Research is not carried out in a vacuum: there are strong economic and personal pressures on researchers - not least of which for some is the issue of ‘tenure’. At the most base level tenure may depend on how many and how often P < 0.05 can be found. Faced with life-changing pressures researchers may choose to run their experiment, then ‘fish’ for some result, and then register it, reporting it only some months after the actual experiment was done.

Registration is going to solve nothing at all. It encourages an input-output type of research and analysis. Register the design, do the experiment, run the results through SPSS, publish the paper (if there is a P < 0.05). In fact too many papers follow this formula - evidenced by the fact that the results section starts with F-tests and t-tests without even presenting first in a straightforward way in tables and graphs what the data shows. This further illustrates the fact that apart from the initial idea that led to the experiment, there is no intervention of thought in the rest of the process - presenting data in a useful way and discussing it before ever presenting a ‘test’ requires thought. In this process discovery is out the window, because this occurs when you get results that are not those that were predicted by the experiment. At best discovery becomes extremely expensive - since the ‘discovery’ could only be followed through by the registration of another experiment that would specifically address this.

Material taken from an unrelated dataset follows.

(* Let $\tau$ be a tuple of positive integers, $0\le k\le \ell$, and $\hat P_\tau=C\sqcup O$ the $k$-decomposition. Let $F$ be a nonempty face of $\mathcal{O}_{C,O}(\tau)$ such that none of the nonnegativity inequalities $x_p\ge 0$ ($p\in C$) and none of the chain inequalities holds with equality at every point of $F$, let $\varphi$ be the partition of $O$ associated with $F$, and let $\pi=\varphi\cup\{\{c\}:c\in C\}$. Then the quotient poset $\hat P_\tau/\pi$ is of the form $\hat P_{\tau'}$ for some tuple $\tau'$ of positive integers; that is, after removing its minimum $\{\hat0\}$ and its maximum (the block containing $\hat1$), it is isomorphic to $P_{\tau'}$.
   Context: Let $\tau=(\tau_1,\dots,\tau_\ell)$ be positive integers. The poset $P_\tau$ has elements $y^i_j$ ($1\le i\le\ell$, $1\le j\le\tau_i$) with $y^i_j<y^{i'}_{j'}$ iff $i<i'$; $Y^i=\{y^i_1,\dots,y^i_{\tau_i}\}$; for a tuple $\tau'$ of positive integers $P_{\tau'}$ is defined in the same way (the empty tuple giving the empty poset). $\hat P_\tau=P_\tau\cup\{\hat0,\hat1\}$ with new minimum $\hat0$ and maximum $\hat1$, $Y^0=\{\hat0\}$, $Y^{\ell+1}=\{\hat1\}$; $\prec$ is the covering relation. The $k$-decomposition is $C=Y^0\cup\dots\cup Y^k$, $O=Y^{k+1}\cup\dots\cup Y^{\ell+1}$. The chain-order polytope $\mathcal{O}_{C,O}(\tau)\subseteq\mathbb{R}^{\hat P_\tau}$ consists of all $x$ with $x_{\hat0}=0$, $x_{\hat1}=1$, $x_p\ge0$ for $p\in C$ (nonnegativity inequalities), $x_a\le x_b$ for $a,b\in O$ with $a\prec b$ (order inequalities), and $x_{p_1}+\dots+x_{p_k}\le x_q$ for all $p_i\in Y^i$ ($1\le i\le k$), $q\in Y^{k+1}$ (chain inequalities). The partition $\varphi$ of $O$ associated with $F$ has as blocks the connected components of the graph with vertex set $O$ and edges $\{a,b\}$ for all $a\prec b$ in $O$ with $x_a=x_b$ for every $x\in F$. The quotient poset $\hat P_\tau/\pi$ is the set of blocks of $\pi$ ordered by the transitive closure of "$B\le B'$ iff $p\le q$ for some $p\in B$, $q\in B'$". *)

theory Defs
  imports Complex_Main
begin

Overall ‘registration’ of experiments is a not only not a good idea, it is a damaging one. It encourages wrong views of the process of scientific discovery and will not even prevent what it was designed for - ‘fishing’. It will have a negative impact, reducing everything to formulaic ways of proceeding, that the unscrupulous will find a way to get round, and those interested more in discovery than accumulating P values will find frustrating and alien.